Forget your money -- bartering is in
San Francisco
James McKenna has a deal for you. In exchange for your services as printer or perhaps a week at your vacation place in Florida, he'll swap you golf or karate lessons in Albany, N.Y. If it's a fine leather jacket you're interested in and you're ready to horse-trade something you have or can do well, see Jim Chaffee in Pharr, Texas.
Bartering has been around since Esau swapped his birthright for a bowl of lentils. Probably longer. But as the real value of cash continues to drop, this ancient form of cash continues to drop, this ancient form of commerce is booming across the United States. Trade clubs and new publications are sprouting up like suburbanites at a garage sale. A cashless sub-economy worth millions of dollars continues to grow, and that old spoilsport the taxman is poking around to make sure the government gets its cut.
"The essence of barter is a creative, problem-solving process where the participants can exchange value for value," says David London, a young Walnut Creek, Calif., entrepreneur who heads up the Comstock Trading Company, publishers of monthly and quarterly periodicals and a new book on bartering.
Barter (from the Old French "barater") cn mean to trick or cheat. But Mr. London (who has traded advertising space for everything from real estate to a Rototiller) insists that "unless there's mutual benefit, there's no trade.
"Unfortunately," he adds, "that concept gets lost with cash."
In any case, Americans by the thousands are formalizing their "propensity to truck, barter, and exchange," as Adam Smith put it. Joe Kessler, president of Trade Clubs in America, estimates that there are as many as 500 barter organizations in the US today, some highly sophisticated and computerized.
Some are merely classified listings of goods and services. Everything from Kodaks to Krugerrands, speed reading to survival instruction. There are 30 "learning exchanges" around the country, and the Chicago organization that started it all just a few years ago lists 20,000 experts in 3,000 different skills.
Some trade clubs deal in "credits" or "units," others even issue checkbooks, drafts, vouchers, or scrip. In these cases, a mini private economy evolves with its own form of currency.
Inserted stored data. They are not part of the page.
(* Let $\ell,k$ be integers with $1\le\ell\le k$. Then $\overline{\alpha}(\{1,2k,2k+2\ell\})\ge\frac{2k}{4k+2\ell}$.
   Context: For a finite set $S$ of positive integers, the distance graph $G(S)$ has vertex set $\mathbb{Z}$, with $i,j$ adjacent iff $|i-j|\in S$. The density of $A\subseteq\mathbb{Z}$ is $\delta(A)=\limsup_{N\to\infty}\frac{|A\cap[-N,N]|}{2N+1}$, and the independence ratio $\overline{\alpha}(S)$ is the supremum of $\delta(A)$ over independent sets $A$ of $G(S)$. *)

theory Defs
  imports "HOL-Analysis.Analysis"
begin

definition dist_adj :: "nat set \<Rightarrow> int \<Rightarrow> int \<Rightarrow> bool" where
  "dist_adj S i j \<longleftrightarrow> \<bar>i - j\<bar> \<in> int ` S"

definition dist_independent :: "nat set \<Rightarrow> int set \<Rightarrow> bool" where
  "dist_independent S A \<longleftrightarrow> (\<forall>i\<in>A. \<forall>j\<in>A. \<not> dist_adj S i j)"

definition upper_density :: "int set \<Rightarrow> ereal" where
  "upper_density A = limsup (\<lambda>N::nat. ereal (real (card (A \<inter> {- int N..int N})) / (2 * real N + 1)))"

definition independence_ratio :: "nat set \<Rightarrow> ereal" where
  "independence_ratio S = (SUP A\<in>{A. dist_independent S A}. upper_density A)"

end

theory Submission
  imports Defs "HOL-Real_Asymp.Real_Asymp"
begin

(* Let p = 4k + 2l and take the integers whose residue mod p lies in
   {0, 2, ..., 2k - 2} \<union> {2k + 1, 2k + 3, ..., 4k - 1}; this set has density 2k/p.
   It is independent because 2k + 2l = -2k (mod p), so the forbidden differences are,
   modulo p, just +-1 and +-2k: two residues from the same block differ by an even number
   of absolute value below 2k, and residues from different blocks by an odd number of
   absolute value between 3 and 4k - 1 < p - 1. *)

lemma dist_independent_periodic:
  fixes p :: int
  assumes "\<And>a b d. a \<in> R \<Longrightarrow> b \<in> R \<Longrightarrow> d \<in> S \<Longrightarrow> (a - b) mod p \<noteq> int d mod p"
  shows "dist_independent S {x. x mod p \<in> R}"
  unfolding dist_independent_def dist_adj_def
proof (intro ballI notI)
  fix x y assume x: "x \<in> {x. x mod p \<in> R}" and y: "y \<in> {x. x mod p \<in> R}"
    and "\<bar>x - y\<bar> \<in> int ` S"
  then obtain d where "d \<in> S" and "x - y = int d \<or> y - x = int d"
    by (auto simp: abs_if split: if_splits)
  then show False
    using assms[of "x mod p" "y mod p" d] assms[of "y mod p" "x mod p" d] x y
    by (auto simp: mod_diff_eq)
qed

lemma card_periodic_inter_interval_ge:
  fixes p n :: nat and R :: "int set"
  assumes "R \<subseteq> {0..<int p}"
  shows "2 * n * card R \<le> card ({x. x mod int p \<in> R} \<inter> {- int (n * p)..int (n * p)})"
proof -
  define f where "f = (\<lambda>(q, r). q * int p + r)"
  have f_mod: "f (q, r) mod int p = r" if "r \<in> R" for q r
    using that assms unfolding f_def by auto
  have "inj_on f ({- int n..<int n} \<times> R)"
  proof (rule inj_onI, clarsimp)
    fix q r q' r' assume "r \<in> R" "r' \<in> R" "f (q, r) = f (q', r')"
    then have "r = r'" by (metis f_mod)
    then show "q = q' \<and> r = r'"
      using \<open>f (q, r) = f (q', r')\<close> \<open>r \<in> R\<close> assms unfolding f_def by auto
  qed
  moreover have "f ` ({- int n..<int n} \<times> R)
      \<subseteq> {x. x mod int p \<in> R} \<inter> {- int (n * p)..int (n * p)}"
  proof clarify
    fix q r assume q: "q \<in> {- int n..<int n}" and r: "r \<in> R"
    have "- int n * int p \<le> q * int p" "q * int p \<le> (int n - 1) * int p"
      using q by (intro mult_right_mono; simp)+
    then show "f (q, r) \<in> {x. x mod int p \<in> R} \<inter> {- int (n * p)..int (n * p)}"
      using f_mod[OF r] r assms unfolding f_def by (force simp: algebra_simps)
  qed
  ultimately have "card ({- int n..<int n} \<times> R)
      \<le> card ({x. x mod int p \<in> R} \<inter> {- int (n * p)..int (n * p)})"
    by (metis card_image card_mono finite_Int finite_atLeastAtMost_int)
  then show ?thesis
    by (simp add: card_cartesian_product nat_mult_distrib)
qed

lemma upper_density_periodic_ge:
  fixes p :: nat and R :: "int set"
  assumes "0 < p" and "R \<subseteq> {0..<int p}"
  shows "ereal (card R / p) \<le> upper_density {x. x mod int p \<in> R}"
proof -
  define A where "A = {x. x mod int p \<in> R}"
  define F where "F = (\<lambda>N::nat. ereal (card (A \<inter> {- int N..int N}) / (2 * real N + 1)))"
  have "(\<lambda>n. 2 * n * card R / (2 * real (n * p) + 1)) \<longlonglongrightarrow> card R / p"
    using assms(1) by real_asymp (simp add: divide_inverse)
  then have "ereal (card R / p) = limsup (\<lambda>n. ereal (2 * n * card R / (2 * real (n * p) + 1)))"
    by (intro lim_imp_Limsup[symmetric] tendsto_ereal) simp_all
  also have "\<dots> \<le> limsup (F \<circ> (\<lambda>n. n * p))"
  proof (intro Limsup_mono always_eventually allI)
    fix n
    have "real (2 * n * card R) \<le> card (A \<inter> {- int (n * p)..int (n * p)})"
      using card_periodic_inter_interval_ge[OF assms(2)] unfolding A_def of_nat_le_iff .
    then show "ereal (2 * n * card R / (2 * real (n * p) + 1)) \<le> (F \<circ> (\<lambda>n. n * p)) n"
      unfolding F_def by (simp add: divide_right_mono add_pos_nonneg)
  qed
  also have "\<dots> \<le> limsup F"
    by (rule limsup_subseq_mono) (simp add: assms(1) strict_mono_def)
  finally show ?thesis
    unfolding upper_density_def F_def A_def .
qed

definition parity_blocks :: "nat \<Rightarrow> int set" where
  "parity_blocks k = {2 * int i | i. i < k} \<union> {2 * int (k + i) + 1 | i. i < k}"

lemma parity_blocks_subset: "parity_blocks k \<subseteq> {0..<int (4 * k)}"
  unfolding parity_blocks_def by auto

lemma card_parity_blocks: "card (parity_blocks k) = 2 * k"
proof -
  have "parity_blocks k = (\<lambda>i. 2 * int i) ` {..<k} \<union> (\<lambda>i. 2 * int (k + i) + 1) ` {..<k}"
    unfolding parity_blocks_def by auto
  moreover have "card ((\<lambda>i. 2 * int i) ` {..<k}) = k" "card ((\<lambda>i. 2 * int (k + i) + 1) ` {..<k}) = k"
    by (simp_all add: card_image inj_on_def)
  moreover have "(\<lambda>i. 2 * int i) ` {..<k} \<inter> (\<lambda>i. 2 * int (k + i) + 1) ` {..<k} = {}"
    by auto
  ultimately show ?thesis
    by (simp add: card_Un_disjoint)
qed

lemma parity_blocks_diff:
  assumes "a \<in> parity_blocks k" "b \<in> parity_blocks k"
  shows "even (a - b) \<and> \<bar>a - b\<bar> < 2 * int k \<or> odd (a - b) \<and> 1 < \<bar>a - b\<bar> \<and> \<bar>a - b\<bar> < 4 * int k"
proof -
  obtain i where i: "i < k" "a = 2 * int i \<or> a = 2 * int (k + i) + 1"
    using assms(1) unfolding parity_blocks_def by blast
  obtain j where j: "j < k" "b = 2 * int j \<or> b = 2 * int (k + j) + 1"
    using assms(2) unfolding parity_blocks_def by blast
  have "a - b = 2 * (int i - int j) \<or> a - b = 2 * (int k + int i - int j) + 1 \<or>
      a - b = 2 * (int i - int k - int j) - 1"
    using i(2) j(2) by auto
  then show ?thesis
    using i(1) j(1) by (elim disjE) auto
qed

lemma parity_blocks_diff_mod:
  fixes k l :: nat
  assumes "0 < l" and "a \<in> parity_blocks k" "b \<in> parity_blocks k" "d \<in> {1, 2 * k, 2 * k + 2 * l}"
  defines "p \<equiv> int (4 * k + 2 * l)"
  shows "(a - b) mod p \<noteq> int d mod p"
proof -
  have diff: "even (a - b) \<and> \<bar>a - b\<bar> < 2 * int k \<or> odd (a - b) \<and> 1 < \<bar>a - b\<bar> \<and> \<bar>a - b\<bar> < 4 * int k"
    using parity_blocks_diff[OF assms(2,3)] .
  then have "k > 0"
    by auto
  then have "int d mod p = int d"
    using assms(4) unfolding p_def by (auto intro: mod_pos_pos_trivial)
  moreover have "(a - b) mod p = a - b \<or> (a - b) mod p = a - b + p"
  proof -
    have "\<bar>a - b\<bar> < p"
      using diff unfolding p_def by auto
    then show ?thesis
      by (smt (verit) mod_pos_pos_trivial mod_add_self2)
  qed
  moreover have "a - b \<noteq> int d" "a - b \<noteq> int d - p"
    using diff assms(1,4) unfolding p_def by (auto simp del: even_diff)
  ultimately show ?thesis
    by auto
qed

theorem lemma30:
  fixes k l :: nat
  assumes "1 \<le> l" and "l \<le> k"
  shows "ereal (real (2 * k) / real (4 * k + 2 * l))
           \<le> independence_ratio {1, 2 * k, 2 * k + 2 * l}"
proof -
  define p where "p = 4 * k + 2 * l"
  define A where "A = {x. x mod int p \<in> parity_blocks k}"
  have blocks: "parity_blocks k \<subseteq> {0..<int p}"
    using parity_blocks_subset[of k] unfolding p_def by fastforce
  have "dist_independent {1, 2 * k, 2 * k + 2 * l} A"
    unfolding A_def p_def
    by (rule dist_independent_periodic) (use parity_blocks_diff_mod assms(1) in auto)
  have "ereal (real (2 * k) / real p) = ereal (card (parity_blocks k) / p)"
    by (simp add: card_parity_blocks)
  also have "\<dots> \<le> upper_density A"
    unfolding A_def by (rule upper_density_periodic_ge[OF _ blocks]) (use assms(1) p_def in simp)
  also have "\<dots> \<le> independence_ratio {1, 2 * k, 2 * k + 2 * l}"
    unfolding independence_ratio_def
    by (rule SUP_upper) (use \<open>dist_independent {1, 2 * k, 2 * k + 2 * l} A\<close> in simp)
  finally show ?thesis
    unfolding p_def .
qed

end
One problem here, some experts in barter point out, is that while a member is banking his credits for future use, inflation can do its dirty work.
Also, such formalization of barter invites greater scrutiny from the Internal Revenue Service, just the agency that swap aficionados (who tend to be libertarian souls, judging by the articles in their publications) are trying to avoid.
According to the IRS, "gross income includes all income you receive -- in the form of money, property, or services -- that is not, by law, expressly exempt from tax. . . ."
The IRS recently ruled that, for tax purposes, the value of each "trade unit" is one dollar.
But apparently there is considerable room for negotiation (if not haggling) with the tax collector over such fuzzy issues as "fair market value," "like kind ," and "mutual gifts." Particularly if trading is done between individuals and kept to relatively isolated instances not involving items or services of very large value, bartering can offer substantial tax advantages.
Plus, there's the satisfaction of "unlocking yourself as much as you can from the money system," as one barter expert puts it, gaining a little more control over one's economic life.
"It helps me quelch my anger at excessive taxation," grumbles Texas leather man Jim Chaffee, who's bartered new jackets for a roof repair on his factory. But Mr. Chaffee is also quite sure that bartering "will lead to a lot of cash business" among the 15,000 folks in Pharr.
Meanwhile, if you're interested in a well-used quarter-inch drill or a Honda motorcycle (new mufflers, needs a battery), just call me. I'm looking for a five-string banjo.